提问者:小点点

目录文件的 Lucene 索引


亲爱的用户们,我正在使用apache lucene进行索引和搜索。我必须将储存在电脑本地磁盘上的html文件编入索引。我必须对html文件的文件名和内容进行索引。我可以在lucene索引中存储文件名,但不能存储html文件内容,html文件内容不仅可以索引数据,还可以索引包含图像链接和url的整个页面,我如何从这些索引文件中访问内容以进行索引,我使用了以下代码:

    File indexDir = new File(indexpath);
    File dataDir = new File(datapath);
    String suffix = ".htm";
    IndexWriter indexWriter = new IndexWriter(
            FSDirectory.open(indexDir),
            new SimpleAnalyzer(),
            true,
            IndexWriter.MaxFieldLength.LIMITED);
    indexWriter.setUseCompoundFile(false);
    indexDirectory(indexWriter, dataDir, suffix);

    numIndexed = indexWriter.maxDoc();
    indexWriter.optimize();
    indexWriter.close();


private void indexDirectory(IndexWriter indexWriter, File dataDir, String suffix) throws IOException {
    try {
        for (File f : dataDir.listFiles()) {
            if (f.isDirectory()) {
                indexDirectory(indexWriter, f, suffix);
            } else {
                indexFileWithIndexWriter(indexWriter, f, suffix);
            }
        }
    } catch (Exception ex) {
        System.out.println("exception 2 is" + ex);
    }
}

private void indexFileWithIndexWriter(IndexWriter indexWriter, File f,
    String suffix) throws IOException {
    try {
        if (f.isHidden() || f.isDirectory() || !f.canRead() || !f.exists()) {
            return;
        }
        if (suffix != null && !f.getName().endsWith(suffix)) {
            return;
        }
        Document doc = new Document();
        doc.add(new Field("contents", new FileReader(f)));
        doc.add(new Field("filename", f.getFileName(),
                Field.Store.YES, Field.Index.ANALYZED));
        indexWriter.addDocument(doc);
    } catch (Exception ex) {
        System.out.println("exception 4 is" + ex);
    }
}

提前谢谢


共1个答案

匿名用户

这一行代码是您的内容没有被存储的原因:

doc.add(new Field("contents", new FileReader(f)));

此方法不存储正在索引的内容。

如果您试图索引HTML文件,请尝试使用JTidy。

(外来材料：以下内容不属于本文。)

(* There exists an absolute constant $C$ such that the following holds. Let $N\in\mathbb N\cup\{0\}$, $\kappa\in(0,1)$, and $\rho_0(r,\theta)=\sum_{\ell=0}^{2^N-1}\chi_{(\ell2^{-N},(\ell+1)2^{-N}]}(r)f^\ell(\theta)$ with each $f^\ell\in L^\infty$ $2\pi$-periodic and $\int_0^{2\pi}f^\ell=0$; let $\rho$ be the corresponding solution. Then for every integer $M\le N$ and every $Q\in\mathcal Q_M$: (a) if $t\ge C\frac{2^N}{\kappa}$, then $\big|\fint_Q\rho(t,\cdot)\big|\le\frac\kappa4\|\rho(t,\cdot)\|_{L^\infty}$; (b) if $t\ge C2^{M+N}$, then $\big|\fint_Q\rho(t,\cdot)\big|\le2^{-M}\|\rho(t,\cdot)\|_{L^\infty}$.
   Context: $B_1\subset\mathbb R^2$ open unit disk, polar coordinates $(r,\theta)$, $\chi_I$ indicator of $I$, $\fint_Q=\frac1{|Q|}\int_Q$. Velocity $u(r,\theta)=2\pi r^2(\sin\theta,-\cos\theta)$; $\rho(t,\cdot)$ solves $\partial_t\rho+\operatorname{div}(u\rho)=0$, $\rho(0)=\rho_0$, explicitly $\rho(t,r,\theta)=\rho_0(r,\theta+2\pi tr)$. Annular tiling: for $M\in\mathbb N$, $i=0,\dots,2^M-1$, $j=0,\dots,i$, $Q^M_{ij}=\{(r,\theta): r\in(i2^{-M},(i+1)2^{-M}],\ \theta\in 2\pi(\tfrac{j}{i+1},\tfrac{j+1}{i+1}]\}$; $\mathcal Q_M$ is the family of all $Q^M_{ij}$. *)

theory Defs
  imports "HOL-Analysis.Analysis" "HOL-Probability.Essential_Supremum"
begin

text \<open>Everything is written in polar coordinates (r, theta); a point of the plane is
  represented by the pair (r, theta), and Lebesgue measure of the plane becomes
  r dr dtheta.  The open unit disk (up to the null set {0}) is parametrised by
  r in (0,1], theta in (0, 2 pi].\<close>

definition disk_polar :: "(real \<times> real) set" where
  "disk_polar = {0<..1} \<times> {0<..2*pi}"

definition rho0 :: "nat \<Rightarrow> (nat \<Rightarrow> real \<Rightarrow> real) \<Rightarrow> real \<Rightarrow> real \<Rightarrow> real" where
  "rho0 N f r \<theta> = (\<Sum>l<2^N. indicator {real l / 2^N <.. (real l + 1) / 2^N} r * f l \<theta>)"

definition rho :: "nat \<Rightarrow> (nat \<Rightarrow> real \<Rightarrow> real) \<Rightarrow> real \<Rightarrow> real \<times> real \<Rightarrow> real" where
  "rho N f t x = rho0 N f (fst x) (snd x + 2 * pi * t * fst x)"

definition Qcell :: "nat \<Rightarrow> nat \<Rightarrow> nat \<Rightarrow> (real \<times> real) set" where
  "Qcell M i j = {real i / 2^M <.. (real i + 1) / 2^M} \<times>
                 {2 * pi * (real j / (real i + 1)) <.. 2 * pi * ((real j + 1) / (real i + 1))}"

definition Qfam :: "nat \<Rightarrow> (real \<times> real) set set" where
  "Qfam M = {Qcell M i j | i j. i < 2^M \<and> j \<le> i}"

text \<open>Average over Q with respect to the planar Lebesgue measure, i.e. r dr dtheta.\<close>
definition polar_avg :: "(real \<times> real) set \<Rightarrow> (real \<times> real \<Rightarrow> real) \<Rightarrow> real" where
  "polar_avg Q g = (LINT x:Q|lborel. fst x * g x) / (LINT x:Q|lborel. fst x)"

text \<open>L^infinity norm on the unit disk (essential supremum; null sets of r dr dtheta on
  r > 0 coincide with Lebesgue null sets).\<close>
definition Linf_disk :: "(real \<times> real \<Rightarrow> real) \<Rightarrow> ereal" where
  "Linf_disk g = esssup (restrict_space lborel disk_polar) (\<lambda>x. ereal \<bar>g x\<bar>)"

end

theory Submission
  imports Defs
begin

text \<open>
  On the dyadic annulus r \<in> (l/2^N, (l+1)/2^N] the solution is f^l(\<theta> + 2\<pi>tr), so its integral
  over an angular window (a, b] equals W(2\<pi>tr), where W(s) is the integral of f^l over
  (a + s, b + s]. W is 2\<pi>-periodic with mean zero and |W| \<le> (b - a) sup|f^l|, so its primitive is
  bounded by 2\<pi> (b - a) sup|f^l|, and one integration by parts in r bounds the contribution of
  the annulus to the integral of r \<rho> over a cell by 2 (b - a) sup|f^l| r/t. A cell of Q_M meets
  2^(N-M) annuli while its area is at least (b - a) r/2^(M+1); thus the average is at most
  4 \<cdot> 2^N \<parallel>\<rho>(t)\<parallel>/t, which gives both claims with C = 16. Finally |f^l| \<le> \<parallel>\<rho>(t)\<parallel> almost
  everywhere, because almost every circle of the annulus carries a translate of f^l over a full period.
\<close>

section \<open>Periodic functions and oscillatory integrals\<close>

lemma set_integrable_Icc_bounded:
  fixes g :: "real \<Rightarrow> real"
  assumes [measurable]: "g \<in> borel_measurable borel" and "\<And>x. x \<in> {c..d} \<Longrightarrow> \<bar>g x\<bar> \<le> K"
  shows "set_integrable lborel {c..d} g"
  unfolding set_integrable_def
  by (rule integrableI_bounded_set_indicator[where B=K]) (use assms in \<open>auto simp: emeasure_lborel_Icc_eq\<close>)

lemma integrable_on_Icc_bounded:
  fixes g :: "real \<Rightarrow> real"
  assumes "g \<in> borel_measurable borel" and "\<And>x. x \<in> {c..d} \<Longrightarrow> \<bar>g x\<bar> \<le> K"
  shows "g integrable_on {c..d}"
  using set_integrable_Icc_bounded[OF assms] by (rule set_borel_integral_eq_integral(1))

lemma set_integral_Ioc_eq_integral:
  fixes g :: "real \<Rightarrow> real"
  assumes "g \<in> borel_measurable borel" and "\<And>x. x \<in> {c..d} \<Longrightarrow> \<bar>g x\<bar> \<le> K"
  shows "(LINT x:{c<..d}|lborel. g x) = integral {c..d} g"
proof -
  have "AE x in lborel. (x \<in> {c<..d}) = (x \<in> {c..d})"
    by (rule AE_mp[OF AE_lborel_singleton[of c] AE_I2]) auto
  then have "(LINT x:{c<..d}|lborel. g x) = (LINT x:{c..d}|lborel. g x)"
    by (intro set_integral_cong_set) (use assms(1) in \<open>auto simp: set_borel_measurable_def\<close>)
  also have "\<dots> = integral {c..d} g"
    by (rule set_borel_integral_eq_integral(2)[OF set_integrable_Icc_bounded[OF assms]])
  finally show ?thesis .
qed

lemma abs_integral_le:
  fixes h :: "real \<Rightarrow> real"
  assumes "h integrable_on {u..v}" "u \<le> v" "\<And>x. x \<in> {u..v} \<Longrightarrow> \<bar>h x\<bar> \<le> K"
  shows "\<bar>integral {u..v} h\<bar> \<le> K * (v - u)"
proof -
  have "0 \<le> K" using assms(2) assms(3)[of u] by auto
  then have "norm (integral (cbox u v) h) \<le> K * Henstock_Kurzweil_Integration.content (cbox u v)"
    by (intro has_integral_bound[where f=h]) (use assms in auto)
  then show ?thesis using assms by (simp add: content_real)
qed

lemma periodic_add_int:
  fixes g :: "real \<Rightarrow> 'a"
  assumes "\<And>y. g (y + 2*pi) = g y"
  shows "g (y + 2*pi*real_of_int k) = g y"
proof (induction k rule: int_induct[where k=0])
  case (step1 i)
  then show ?case using assms[of "y + 2*pi*real_of_int i"] by (simp add: algebra_simps)
next
  case (step2 i)
  then show ?case using assms[of "y + 2*pi*real_of_int (i - 1)"] by (simp add: algebra_simps)
qed simp

lemma periodic_nonneg_add_nat:
  fixes g :: "real \<Rightarrow> 'a"
  assumes "\<And>y. 0 \<le> y \<Longrightarrow> g (y + 2*pi) = g y" and "0 \<le> y"
  shows "g (y + 2*pi*real n) = g y"
proof (induction n)
  case (Suc n)
  then show ?case using assms(1)[of "y + 2*pi*real n"] assms(2) by (simp add: algebra_simps)
qed simp
(* Let $\mu$ be a positive finite Borel measure on $\mathbb{R}^d$ and $0<\beta\le d$, and assume there exist $\varphi\in L^2(\mu)$ with $\|\varphi\|_{L^2(\mu)}>0$ and a constant $C>0$ such that $|(\varphi\mu)^\wedge(t)|\le C|t|^{-\beta/2}$ for all $t\in\mathbb{R}^d$. Let $\Lambda\subset\mathbb{R}^d$ be countable such that $E(\Lambda)$ is a Fourier frame for $L^2(\mu)$. If $\alpha$ is a real number for which there is a constant $C'$ with $\#\big(\Lambda\cap B(0,r)\big)\le C' r^\alpha$ for all $r\ge1$, then $$\alpha\ge\Big(\frac1\beta+\frac1d\Big)^{-1}.$$
   Context: For a finite complex measure $\nu$ on $\mathbb{R}^d$, $\widehat{\nu}(t)=\int e^{-2\pi i\langle t,x\rangle}d\nu(x)$; $\varphi\mu$ denotes the complex measure with density $\varphi$ with respect to $\mu$. For $\lambda\in\mathbb{R}^d$, $e_\lambda(x)=e^{2\pi i\langle\lambda,x\rangle}$, $E(\Lambda)=\{e_\lambda\}_{\lambda\in\Lambda}$. $E(\Lambda)$ is a Fourier frame for $L^2(\mu)$ if there are $0<A,B<\infty$ with $A\|f\|^2_{L^2(\mu)}\le\sum_{\lambda\in\Lambda}|\langle f,e_\lambda\rangle_{L^2(\mu)}|^2\le B\|f\|^2_{L^2(\mu)}$ for all $f\in L^2(\mu)$. $B(x,r)$ is the open ball of radius $r$ centered at $x$. *)

theory Defs
  imports "HOL-Analysis.Analysis"
begin

definition expo :: "'a::euclidean_space \<Rightarrow> 'a \<Rightarrow> complex" where
  "expo l x = cis (2 * pi * (l \<bullet> x))"

definition in_L2 :: "'a measure \<Rightarrow> ('a \<Rightarrow> complex) \<Rightarrow> bool" where
  "in_L2 M f \<longleftrightarrow> f \<in> borel_measurable M \<and> integrable M (\<lambda>x. (cmod (f x))\<^sup>2)"

definition L2_norm_sq :: "'a measure \<Rightarrow> ('a \<Rightarrow> complex) \<Rightarrow> real" where
  "L2_norm_sq M f = (LINT x|M. (cmod (f x))\<^sup>2)"

definition L2_inner :: "'a measure \<Rightarrow> ('a \<Rightarrow> complex) \<Rightarrow> ('a \<Rightarrow> complex) \<Rightarrow> complex" where
  "L2_inner M f g = (LINT x|M. f x * cnj (g x))"
(* Let $\ell\in\mathbb{N}$, $r\in\mathbb{N}_0$, and let $J_0,\dots,J_\ell,I_1,\dots,I_r\subseteq\mathbb{R}$ satisfy conditions (i)–(iv) of the definition of a connected CL-graph, with $G$ the intersection graph on $J_0,\dots,J_\ell,I_1,\dots,I_r$. For $0\le j\le\ell-1$ put $F_j=\{J_j,J_{j+1}\}\cup\{I_i: 1\le i\le r,\ j\in I_i\}$. Then the maximal cliques of $G$ are exactly $F_0,F_1,\dots,F_{\ell-1}$; in particular $c(G)=\ell$, and $\ell(G)=\ell$ (with $J_0,J_1,\dots,J_\ell$ forming an induced path of length $\ell$).
   Context: $c(G)$ is the number of maximal cliques of $G$; $\ell(G)$ is the length (number of edges) of a longest induced path of the connected graph $G$. Vertices of the intersection graph are identified with the sets defining them. Intersection graph: given a finite list of sets $S_1,\dots,S_m$, the intersection graph on this list has one vertex for each $S_i$ (distinct indices give distinct vertices), and the vertices corresponding to $S_i$ and $S_j$ ($i\neq j$) are adjacent iff $S_i\cap S_j\neq\emptyset$. Conditions defining a connected CL-graph, with $\mathbb{N}=\{1,2,\dots\}$, $\mathbb{N}_0=\{0,1,2,\dots\}$: (i) $J_0=\{0\}$ and $J_j=[j-1,j]$ for $1\le j\le \ell$; (ii) for each $1\le i\le r$ there is some $t\in\mathbb{N}$ with $I_i=[a_1,b_1]\cup[a_2,b_2]\cup\cdots\cup[a_t,b_t]$, where $a_1,\dots,a_t\in\mathbb{N}_0$, $b_1,\dots,b_t\in\mathbb{R}$, $a_1<b_1<a_2<b_2<\cdots<a_t<b_t<\ell$, and $a_{k+1}-b_k>2$ for all $1\le k\le t-1$; (iii) if $\{I_{i_1},\dots,I_{i_t}\}\subseteq\{I_1,\dots,I_r\}$ satisfies $I_{i_p}\cap I_{i_q}\neq\emptyset$ for all $1\le p<q\le t$, then $\bigcap_{k=1}^t I_{i_k}\neq\emptyset$; (iv) if $I_p\cap I_q\neq\emptyset$ and $j\in I_p\setminus I_q$ for some $j\in\mathbb{N}_0$, then ($j+1\notin I_p$ implies $j+1\notin I_q$) and ($j-1\notin I_p$ implies $j-1\notin I_q$). *)

theory Defs
  imports Complex_Main
begin

text \<open>Intersection graph on an indexed family of sets: vertices are indices (distinct
indices give distinct vertices), adjacency = distinct indices whose sets meet.\<close>
definition ig_adj :: "('v \<Rightarrow> 'a set) \<Rightarrow> 'v \<Rightarrow> 'v \<Rightarrow> bool" where
  "ig_adj S u v \<longleftrightarrow> u \<noteq> v \<and> S u \<inter> S v \<noteq> {}"

definition is_clique :: "'v set \<Rightarrow> ('v \<Rightarrow> 'v \<Rightarrow> bool) \<Rightarrow> 'v set \<Rightarrow> bool" where
  "is_clique V E C \<longleftrightarrow> C \<subseteq> V \<and> (\<forall>u\<in>C. \<forall>v\<in>C. u \<noteq> v \<longrightarrow> E u v)"

definition is_maximal_clique :: "'v set \<Rightarrow> ('v \<Rightarrow> 'v \<Rightarrow> bool) \<Rightarrow> 'v set \<Rightarrow> bool" where
  "is_maximal_clique V E C \<longleftrightarrow> is_clique V E C \<and> (\<forall>D. is_clique V E D \<and> C \<subseteq> D \<longrightarrow> D = C)"

definition maximal_cliques :: "'v set \<Rightarrow> ('v \<Rightarrow> 'v \<Rightarrow> bool) \<Rightarrow> 'v set set" where
  "maximal_cliques V E = {C. is_maximal_clique V E C}"

definition num_max_cliques :: "'v set \<Rightarrow> ('v \<Rightarrow> 'v \<Rightarrow> bool) \<Rightarrow> nat" where
  "num_max_cliques V E = card (maximal_cliques V E)"

definition induced_path :: "'v set \<Rightarrow> ('v \<Rightarrow> 'v \<Rightarrow> bool) \<Rightarrow> 'v list \<Rightarrow> bool" where
  "induced_path V E p \<longleftrightarrow> p \<noteq> [] \<and> distinct p \<and> set p \<subseteq> V \<and>
     (\<forall>i<length p. \<forall>j<length p. E (p!i) (p!j) \<longleftrightarrow> (i = Suc j \<or> j = Suc i))"

definition longest_induced_path :: "'v set \<Rightarrow> ('v \<Rightarrow> 'v \<Rightarrow> bool) \<Rightarrow> nat" where
  "longest_induced_path V E = Max {length p - 1 | p. induced_path V E p}"

definition Jset :: "nat \<Rightarrow> real set" where
  "Jset j = (if j = 0 then {0} else {real j - 1 .. real j})"

text \<open>Conditions (ii)-(iv) on I_1..I_r (condition (i) is built into Jset).\<close>
definition cond_ii :: "nat \<Rightarrow> real set \<Rightarrow> bool" where
  "cond_ii L A \<longleftrightarrow> (\<exists>t::nat. \<exists>a::nat \<Rightarrow> nat. \<exists>b::nat \<Rightarrow> real. t \<ge> 1 \<and>
      A = (\<Union>k\<in>{1..t}. {real (a k) .. b k}) \<and>
      (\<forall>k\<in>{1..t}. real (a k) < b k) \<and>
      (\<forall>k\<in>{1..<t}. b k < real (a (Suc k)) \<and> real (a (Suc k)) - b k > 2) \<and>
      b t < real L)"

definition cond_iii :: "nat \<Rightarrow> (nat \<Rightarrow> real set) \<Rightarrow> bool" where
  "cond_iii r I \<longleftrightarrow> (\<forall>T. T \<subseteq> {1..r} \<longrightarrow>
      (\<forall>p\<in>T. \<forall>q\<in>T. I p \<inter> I q \<noteq> {}) \<longrightarrow> (\<Inter>k\<in>T. I k) \<noteq> {})"

definition cond_iv :: "nat \<Rightarrow> (nat \<Rightarrow> real set) \<Rightarrow> bool" where
  "cond_iv r I \<longleftrightarrow> (\<forall>p\<in>{1..r}. \<forall>q\<in>{1..r}. \<forall>j::nat.
      I p \<inter> I q \<noteq> {} \<and> real j \<in> I p \<and> real j \<notin> I q \<longrightarrow>
        (real j + 1 \<notin> I p \<longrightarrow> real j + 1 \<notin> I q) \<and>
        (real j - 1 \<notin> I p \<longrightarrow> real j - 1 \<notin> I q))"

text \<open>Vertices: Inl j is J_j (0 \<le> j \<le> L), Inr i is I_i (1 \<le> i \<le> r).\<close>
definition CL_vertices :: "nat \<Rightarrow> nat \<Rightarrow> (nat + nat) set" where
  "CL_vertices L r = Inl ` {0..L} \<union> Inr ` {1..r}"

definition CL_sets :: "(nat \<Rightarrow> real set) \<Rightarrow> nat + nat \<Rightarrow> real set" where
  "CL_sets I = case_sum Jset I"

definition Fclique :: "nat \<Rightarrow> (nat \<Rightarrow> real set) \<Rightarrow> nat \<Rightarrow> (nat + nat) set" where
  "Fclique r I j = {Inl j, Inl (Suc j)} \<union> Inr ` {i \<in> {1..r}. real j \<in> I i}"

end

theory Submission
  imports Defs
begin

text \<open>
  Every clique of G lies in some F_j. If it contains two consecutive J_m, J_{m+1}, every I_i
  in it meets both and hence contains m, because the components of I_i are separated by gaps
  longer than 2. If it contains no J, the Helly property (iii) gives a common point of its
  I_i, and rounding it down gives a common integer point, since components of I_i start at
  integers. If it contains exactly one J_k, each of its I_i contains k - 1 or k, and (iv)
  forbids mixing the two choices. The F_j are cliques and no two are nested, so they are
  exactly the maximal cliques. Two edges of an induced path cannot lie in a common clique,
  so an induced path has at most as many edges as there are maximal cliques; J_0, ..., J_l
  attains this bound.
\<close>

lemma maximal_cliques_eq_image:
  assumes cliques: "\<And>j. j \<in> J \<Longrightarrow> is_clique V E (F j)"
    and cover: "\<And>C. is_clique V E C \<Longrightarrow> \<exists>j\<in>J. C \<subseteq> F j"
    and antichain: "\<And>j j'. j \<in> J \<Longrightarrow> j' \<in> J \<Longrightarrow> F j \<subseteq> F j' \<Longrightarrow> j = j'"
  shows "maximal_cliques V E = F ` J"
proof
  show "maximal_cliques V E \<subseteq> F ` J"
  proof
    fix C assume "C \<in> maximal_cliques V E"
    then have C: "is_maximal_clique V E C" by (simp add: maximal_cliques_def)
    then have "is_clique V E C" by (simp add: is_maximal_clique_def)
    then obtain j where "j \<in> J" "C \<subseteq> F j" using cover by blast
    moreover have "\<forall>D. is_clique V E D \<and> C \<subseteq> D \<longrightarrow> D = C"
      using C by (simp add: is_maximal_clique_def)
    ultimately have "F j = C" using cliques by blast
    then show "C \<in> F ` J" using \<open>j \<in> J\<close> by blast
  qed
next
  have "is_maximal_clique V E (F j)" if "j \<in> J" for j
    unfolding is_maximal_clique_def
  proof (intro conjI allI impI)
    fix D assume D: "is_clique V E D \<and> F j \<subseteq> D"
    then obtain j' where "j' \<in> J" "D \<subseteq> F j'" using cover by blast
    then have "j' = j" using D antichain[OF that, of j'] by auto
    then show "D = F j" using D \<open>D \<subseteq> F j'\<close> by auto
  qed (use cliques that in blast)
  then show "F ` J \<subseteq> maximal_cliques V E" by (auto simp: maximal_cliques_def)
qed

lemma induced_path_length_le_card:
  assumes "finite J"
    and cliques: "\<And>j. j \<in> J \<Longrightarrow> is_clique V E (F j)"
    and cover: "\<And>C. is_clique V E C \<Longrightarrow> \<exists>j\<in>J. C \<subseteq> F j"
    and path: "induced_path V E p"
  shows "length p - 1 \<le> card J"
proof -
  define n where "n = length p - 1"
  have pV: "set p \<subseteq> V" and distinct: "distinct p"
    and pE: "\<And>i j. i < length p \<Longrightarrow> j < length p \<Longrightarrow> E (p!i) (p!j) \<longleftrightarrow> i = Suc j \<or> j = Suc i"
    using path by (auto simp: induced_path_def)
  have "\<exists>j\<in>J. {p!i, p!Suc i} \<subseteq> F j" if "i < n" for i
  proof (rule cover)
    show "is_clique V E {p!i, p!Suc i}"
      unfolding is_clique_def using that pV pE[of i "Suc i"] pE[of "Suc i" i] by (auto simp: n_def)
  qed
  then obtain f where f: "\<And>i. i < n \<Longrightarrow> f i \<in> J \<and> {p!i, p!Suc i} \<subseteq> F (f i)" by metis
  have "f i \<noteq> f i'" if "i < i'" "i' < n" for i i'
  proof
    assume "f i = f i'"
    then have "p!i \<in> F (f i)" "p!Suc i' \<in> F (f i)" using f[of i] f[of i'] that by auto
    moreover have "p!i \<noteq> p!Suc i'" using distinct that by (simp add: n_def nth_eq_iff_index_eq)
    ultimately have "E (p!i) (p!Suc i')" using cliques f[of i] that by (auto simp: is_clique_def)
    moreover have "Suc i' < length p" using that by (simp add: n_def)
    ultimately show False using pE[of i "Suc i'"] that by simp
  qed
  then have "inj_on f {..<n}" by (metis inj_onI lessThan_iff linorder_neq_iff)
  moreover have "f ` {..<n} \<subseteq> J" using f by auto
  ultimately have "card {..<n} \<le> card J" using \<open>finite J\<close> by (intro card_inj_on_le)
  then show ?thesis by (simp add: n_def)
qed

lemma separated_intervals_gap:
  fixes a :: "nat \<Rightarrow> nat" and b :: "nat \<Rightarrow> real"
  assumes "\<forall>k\<in>{1..t}. real (a k) < b k"
    and "\<forall>k\<in>{1..<t}. b k < real (a (Suc k)) \<and> real (a (Suc k)) - b k > 2"
    and "1 \<le> k1" "k1 < k2" "k2 \<le> t"
  shows "b k1 + 2 < real (a k2)"
  using assms(4,5)
proof (induction k2)
  case 0
  then show ?case by simp
next
  case (Suc n)
  show ?case
  proof (cases "k1 = n")
    case True
    then have "n \<in> {1..<t}" using assms(3) Suc.prems by auto
    then have "real (a (Suc n)) - b n > 2" using assms(2) by blast
    then show ?thesis unfolding True by linarith
  next
    case False
    then have "b k1 + 2 < real (a n)" using Suc by auto
    moreover have "real (a n) < b n" "b n < real (a (Suc n))"
      using assms(1-3) Suc.prems False by auto
    ultimately show ?thesis by linarith
  qed
qed

lemma cond_ii_nonempty:
  assumes "cond_ii L A"
  shows "A \<noteq> {}"
proof -
  obtain t :: nat and a b where "t \<ge> 1" "A = (\<Union>k\<in>{1..t}. {real (a k) .. b k})" "real (a 1) < b 1"
    using assms unfolding cond_ii_def by force
  then have "real (a 1) \<in> A" by force
  then show ?thesis by blast
qed

lemma cond_ii_bounds:
  assumes "cond_ii L A" and "x \<in> A"
  shows "0 \<le> x" and "x < real L"
proof -
  obtain t :: nat and a b where A: "A = (\<Union>k\<in>{1..t}. {real (a k) .. b k})"
    and ab: "\<forall>k\<in>{1..t}. real (a k) < b k"
    and gaps: "\<forall>k\<in>{1..<t}. b k < real (a (Suc k)) \<and> real (a (Suc k)) - b k > 2"
    and "b t < real L"
    using assms(1) unfolding cond_ii_def by blast
  obtain k where k: "k \<in> {1..t}" "real (a k) \<le> x" "x \<le> b k" using assms(2) A by auto
  have "b k \<le> b t"
  proof (cases "k = t")
    case False
    then have "b k + 2 < real (a t)" using separated_intervals_gap[OF ab gaps, of k t] k by auto
    moreover have "real (a t) < b t" using ab k by auto
    ultimately show ?thesis by linarith
  qed simp
  then show "x < real L" using k \<open>b t < real L\<close> by linarith
  show "0 \<le> x" using k by linarith
qed

lemma cond_ii_floor_mem:
  assumes "cond_ii L A" and "x \<in> A"
  shows "real (nat \<lfloor>x\<rfloor>) \<in> A"
proof -
  obtain t :: nat and a b where A: "A = (\<Union>k\<in>{1..t}. {real (a k) .. b k})"
    using assms(1) unfolding cond_ii_def by blast
  obtain k where k: "k \<in> {1..t}" "real (a k) \<le> x" "x \<le> b k" using assms(2) A by auto
  have "int (a k) \<le> \<lfloor>x\<rfloor>" using k by (simp add: le_floor_iff)
  then have "real (a k) \<le> real (nat \<lfloor>x\<rfloor>)" "real (nat \<lfloor>x\<rfloor>) \<le> b k"
    using k of_int_floor_le[of x] by linarith+
  then show ?thesis using k A by auto
qed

这将使过程变得容易得多。

示例代码:

public class JTidyHTMLHandler {

    public org.apache.lucene.document.Document getDocument(InputStream is) throws DocumentHandlerException {
        Tidy tidy = new Tidy();
        tidy.setQuiet(true);
        tidy.setShowWarnings(false);
        org.w3c.dom.Document root = tidy.parseDOM(is, null);
        Element rawDoc = root.getDocumentElement();

        org.apache.lucene.document.Document doc =
                new org.apache.lucene.document.Document();

        String body = getBody(rawDoc);

        if ((body != null) && (!body.equals(""))) {
            doc.add(new Field("contents", body, Field.Store.NO, Field.Index.ANALYZED));
        }

        return doc;
    }

    protected String getTitle(Element rawDoc) {
        if (rawDoc == null) {
            return null;
        }

        String title = "";

        NodeList children = rawDoc.getElementsByTagName("title");
        if (children.getLength() > 0) {
            Element titleElement = ((Element) children.item(0));
            Text text = (Text) titleElement.getFirstChild();
            if (text != null) {
                title = text.getData();
            }
        }
        return title;
    }

    protected String getBody(Element rawDoc) {
        if (rawDoc == null) {
            return null;
        }

        String body = "";
        NodeList children = rawDoc.getElementsByTagName("body");
        if (children.getLength() > 0) {
            body = getText(children.item(0));
        }
        return body;
    }

    protected String getText(Node node) {
        NodeList children = node.getChildNodes();
        StringBuffer sb = new StringBuffer();
        for (int i = 0; i < children.getLength(); i++) {
            Node child = children.item(i);
            switch (child.getNodeType()) {
                case Node.ELEMENT_NODE:
                    sb.append(getText(child));
                    sb.append(" ");
                    break;
                case Node.TEXT_NODE:
                    sb.append(((Text) child).getData());
                    break;
            }
        }
        return sb.toString();
    }
}

要从URL获取InputStream:

URL url = new URL(htmlURLlocation);
URLConnection connection = url.openConnection();
InputStream stream = connection.getInputStream();

要从文件中获取InputStream:

InputStream stream = new FileInputStream(new File (htmlFile));